Whatever man builds to symbolize his wealth and power will fall, just like the Twin Towers fell.  But the Cross towers over the wrecks of time.  The old song had it right: 

In the cross of Christ I glory

towering o’er the wrecks of time

all the light of sacred story

gathers round its head sublime. 

Barb and I love old movies.  Recently, we saw big John Wayne in The High and the Mighty.  It was made in 1954 and told the story of a stricken aircraft carrying 22 passengers, each carrying so much emotional baggage it’s a wonder the plane got off the ground!  But Duke and Robert Stack got ‘er home safely. 

The movie climaxes with the pilots searching through the darkness for the runway lights.  And then, they appear.  The lights take the form of a cross.  And the music rises.  And you just know they’re going to get home! 

I read a review of the movie this week.  The fellow was rather patronizing, saying the vision of the cross was a powerful emotional trigger, evoking salvation, Jesus and the entire revivalist movement of the early fifties.  He calls it emotional manipulation for the people of the fifties. 

 Well, I’m sure it did touch people emotionally in the fifties.  I know a couple people who were quite affected by it in 2011.  That song I quoted above was written in 1825.  The reviewer either forgets or ignores the fact the cross has always been “emotionally manipulative.”  It’s been doing that to people for 2000 years!   You know why?  Again, it’s not the cross but what it represents—the amazing love and mercy of God. 

Crucifixion was the worst possible torture.  The crucified were totally naked.  In her book, Paul Among the People, Sarah Cruden describes the horror:  “The victims died when they could no longer pull their shoulders back to keep their esophagus open and breathe.
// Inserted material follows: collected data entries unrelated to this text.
lemma C_formula_Harm: assumes "m > 2" "h \<in> Harm m p q" shows "C_formula m p q h \<in> Harm m (p+1) (q+1)"
proof -
  note h = HarmD[OF assms(2)]
  note hD = HarmD[OF Harm_du_dx[OF assms(2)]]
  note su = HarmD[OF Su_formula_Harm[OF assms]]
  note sx = HarmD[OF Sx_formula_Harm[OF assms]]
  have c1: "lap_scale m p \<noteq> 0" "lap_scale m q \<noteq> 0" using lap_scale_nonzero[OF assms(1)] by auto
  have e1: "lap_x m (normsq_x m * Su_formula m q h) = pconst (2 * lap_scale m p) * Su_formula m q h"
    by (rule lap_x_normsq_x_mult_harmonic[OF su(1) su(2)]) (use Su_formula_Harm_0 assms(2) in auto)
  have e2: "lap_x m (normsq_x m * (normsq_u m * du_dx m h)) = pconst (2 * lap_scale m p) * (normsq_u m * du_dx m h)"
    by (rule lap_x_normsq_x_mult_harmonic[OF Pspace_normsq_u_du_dx[OF assms(2)]])
      (use hD du_dx_Harm_0_left assms(2) in \<open>auto simp: lap_x_normsq_u_mult\<close>)
  have e3: "lap_u m (normsq_u m * Sx_formula m p h) = pconst (2 * lap_scale m q) * Sx_formula m p h"
    by (rule lap_u_normsq_u_mult_harmonic[OF sx(1) sx(3)]) (use Sx_formula_Harm_0 assms(2) in auto)
  have e4: "lap_u m (normsq_u m * du_dx m h) = pconst (2 * lap_scale m q) * du_dx m h"
    by (rule lap_u_normsq_u_mult_harmonic[OF hD(1) hD(3)]) (use du_dx_Harm_0_right assms(2) in auto)
  have lx: "lap_x m (C_formula m p q h) = 0"
    unfolding C_formula_def using h su sx c1
    by (simp add: linear_op_simps lap_x_ux_mult lap_x_normsq_u_mult e1 e2) (simp add: Su_formula_def algebra_simps pconst_mult pconst_numeral)
  have lu: "lap_u m (C_formula m p q h) = 0"
    unfolding C_formula_def using h su sx c1
    by (simp add: linear_op_simps lap_u_ux_mult lap_u_normsq_x_mult e3 e4) (simp add: Sx_formula_def algebra_simps normsq_x_pconst_mult pconst_mult pconst_numeral)
  show ?thesis using lx lu C_formula_Pspace[OF assms(2)] by (simp add: Harm_def)
qed

lemma S_u_eq_formula: assumes "m > 2" "h \<in> Harm m p q" shows "S_u m h = Su_formula m q h"
  unfolding S_u_def
proof (rule pi_s_eq_of_decomp[where ?h10.0 = 0 and ?h11.0 = 0 and ?h01.0 = "pconst (1 / lap_scale m q) * du_dx m h"])
  show "u_dx m h \<in> Pspace m (p-1) (q+1)" by (rule Pspace_u_dx[OF HarmD(1)[OF assms(2)]])
  show "Su_formula m q h \<in> Harm m (p-1) (q+1)" by (rule Su_formula_Harm[OF assms])
  show "pconst (1 / lap_scale m q) * du_dx m h \<in> Harm m (p - 1) (q + 1 - 2)"
    using Harm_pconst_mult[OF Harm_du_dx[OF assms(2)]] by (simp add: numeral_2_eq_2)
  show "q + 1 < 2 \<Longrightarrow> pconst (1 / lap_scale m q) * du_dx m h = 0 \<and> (0::cpoly) = 0" using du_dx_Harm_0_right assms(2) by auto
  show "u_dx m h = Su_formula m q h + normsq_x m * 0 + normsq_u m * (pconst (1 / lap_scale m q) * du_dx m h) + normsq_x m * (normsq_u m * 0)"
    by (simp add: Su_formula_def normsq_u_pconst_mult)
qed auto

lemma S_x_eq_formula: assumes "m > 2" "h \<in> Harm m p q" shows "S_x m h = Sx_formula m p h"
  unfolding S_x_def
proof (rule pi_s_eq_of_decomp[where ?h01.0 = 0 and ?h11.0 = 0 and ?h10.0 = "pconst (1 / lap_scale m p) * du_dx m h"])
  show "x_du m h \<in> Pspace m (p+1) (q-1)" by (rule Pspace_x_du[OF HarmD(1)[OF assms(2)]])
  show "Sx_formula m p h \<in> Harm m (p+1) (q-1)" by (rule Sx_formula_Harm[OF assms])
  show "pconst (1 / lap_scale m p) * du_dx m h \<in> Harm m (p + 1 - 2) (q - 1)"
    using Harm_pconst_mult[OF Harm_du_dx[OF assms(2)]] by (simp add: numeral_2_eq_2)
  show "p + 1 < 2 \<Longrightarrow> pconst (1 / lap_scale m p) * du_dx m h = 0 \<and> (0::cpoly) = 0" using du_dx_Harm_0_left assms(2) by auto
  show "x_du m h = Sx_formula m p h + normsq_x m * (pconst (1 / lap_scale m p) * du_dx m h) + normsq_u m * 0 + normsq_x m * (normsq_u m * 0)"
    by (simp add: Sx_formula_def normsq_x_pconst_mult)
qed auto

lemma C_op_eq_formula: assumes "m > 2" "h \<in> Harm m p q" shows "C_op m h = C_formula m p q h"
  unfolding C_op_def
proof (rule pi_s_eq_of_decomp[where ?h10.0 = "pconst (1 / lap_scale m p) * Su_formula m q h" and ?h01.0 = "pconst (1 / lap_scale m q) * Sx_formula m p h"
     and ?h11.0 = "pconst (1 / (lap_scale m p * lap_scale m q)) * du_dx m h"])
  show "ux m * h \<in> Pspace m (p+1) (q+1)" by (rule Pspace_ux_mult[OF HarmD(1)[OF assms(2)]])
  show "C_formula m p q h \<in> Harm m (p+1) (q+1)" by (rule C_formula_Harm[OF assms])
  show "pconst (1 / lap_scale m p) * Su_formula m q h \<in> Harm m (p + 1 - 2) (q + 1)"
    using Harm_pconst_mult[OF Su_formula_Harm[OF assms]] by (simp add: numeral_2_eq_2)
  show "pconst (1 / lap_scale m q) * Sx_formula m p h \<in> Harm m (p + 1) (q + 1 - 2)"
    using Harm_pconst_mult[OF Sx_formula_Harm[OF assms]] by (simp add: numeral_2_eq_2)
  show "pconst (1 / (lap_scale m p * lap_scale m q)) * du_dx m h \<in> Harm m (p + 1 - 2) (q + 1 - 2)"
    using Harm_pconst_mult[OF Harm_du_dx[OF assms(2)]] by (simp add: numeral_2_eq_2)
  show "p + 1 < 2 \<Longrightarrow> pconst (1 / lap_scale m p) * Su_formula m q h = 0 \<and> pconst (1 / (lap_scale m p * lap_scale m q)) * du_dx m h = 0"
    using du_dx_Harm_0_left Su_formula_Harm_0 assms(2) by auto
  show "q + 1 < 2 \<Longrightarrow> pconst (1 / lap_scale m q) * Sx_formula m p h = 0 \<and> pconst (1 / (lap_scale m p * lap_scale m q)) * du_dx m h = 0"
    using du_dx_Harm_0_right Sx_formula_Harm_0 assms(2) by auto
  show "ux m * h = C_formula m p q h + normsq_x m * (pconst (1 / lap_scale m p) * Su_formula m q h) + normsq_u m * (pconst (1 / lap_scale m q) * Sx_formula m p h)
      + normsq_x m * (normsq_u m * (pconst (1 / (lap_scale m p * lap_scale m q)) * du_dx m h))"
    by (simp add: C_formula_def normsq_x_pconst_mult normsq_u_pconst_mult)
qed

section \<open>Relations modulo the ideal\<close>

definition norm_cong :: "nat \<Rightarrow> cpoly \<Rightarrow> cpoly \<Rightarrow> bool" where
  "norm_cong m a b \<longleftrightarrow> in_norm_ideal m (a - b)"

lemma norm_cong_refl: "norm_cong m a a"
  by (simp add: norm_cong_def)

lemma norm_cong_sym: "norm_cong m a b \<Longrightarrow> norm_cong m b a"
  unfolding norm_cong_def using in_norm_ideal_uminus by fastforce

lemma norm_cong_trans[trans]: "norm_cong m a b \<Longrightarrow> norm_cong m b c \<Longrightarrow> norm_cong m a c"
  unfolding norm_cong_def using in_norm_ideal_add by fastforce

lemma norm_cong_add: "norm_cong m a b \<Longrightarrow> norm_cong m c d \<Longrightarrow> norm_cong m (a + c) (b + d)"
  unfolding norm_cong_def using in_norm_ideal_add by (fastforce simp: algebra_simps)

lemma norm_cong_diff: "norm_cong m a b \<Longrightarrow> norm_cong m c d \<Longrightarrow> norm_cong m (a - c) (b - d)"
  unfolding norm_cong_def using in_norm_ideal_diff by (fastforce simp: algebra_simps)

lemma norm_cong_mult: "norm_cong m a b \<Longrightarrow> norm_cong m (R * a) (R * b)"
  unfolding norm_cong_def using in_norm_ideal_mult by (fastforce simp: algebra_simps)

lemma norm_cong_0I: "in_norm_ideal m a \<Longrightarrow> norm_cong m a 0"
  by (simp add: norm_cong_def)

lemma norm_cong_harmonic_eq: "norm_cong m a b \<Longrightarrow> harmonic m a \<Longrightarrow> harmonic m b \<Longrightarrow> a = b"
  unfolding norm_cong_def by (rule in_norm_ideal_harmonic_eq)

lemma u_dx_normsq_x_mult_cong: "norm_cong m (u_dx m (normsq_x m * F)) (2 * (ux m * F))"
  unfolding u_dx_normsq_x_mult norm_cong_def by (simp add: mult.assoc)

lemma u_dx_normsq_u_mult_cong: "norm_cong m (u_dx m (normsq_u m * F)) 0"
  unfolding u_dx_normsq_u_mult by (simp add: norm_cong_0I)

lemma u_dx_ux_mult_cong: "norm_cong m (u_dx m (ux m * F)) (ux m * u_dx m F)"
  unfolding u_dx_ux_mult norm_cong_def by simp

lemma x_du_normsq_u_mult_cong: "norm_cong m (x_du m (normsq_u m * F)) (2 * (ux m * F))"
  unfolding x_du_normsq_u_mult norm_cong_def by (simp add: mult.assoc)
They were never reprieved. At most, they got a numbing drug or something to drink, or the leg breaking (a chop that might go straight through the shinbones) to pre­vent them from bracing themselves upward from the foot stand and surviving longer.”

The men who died, impaled upon the cross, were criminals, lost men, forsaken men.  And God became one of them. 

So here’s a backwards torture rack used to slowly kill the scum of the earth, a primitive form of execution we wouldn’t even remember except for one man, one out of thousands so executed.  And because of that one man the cross was transformed from an obscenity into a symbol of hope.  They give out iron crosses for bravery and the Red Cross plants itself in the middle of human suffering.  Movie makers make crosses out of runway lights and dirt roads and people know what they’re looking at. 

Yes, the Cross towers o’er the wrecks of time.  It towers above America and Iraq, over Muslim and Christian and atheist.  Above all kingdoms, above all thrones, above all wonders the world is ever known, above all wisdom and all the ways of man…is the cross.  In the cross of Christ we glory.  In the cross is our hope, our salvation.  Millions have come, but there’s still room for one.  There’s room at the Cross for you.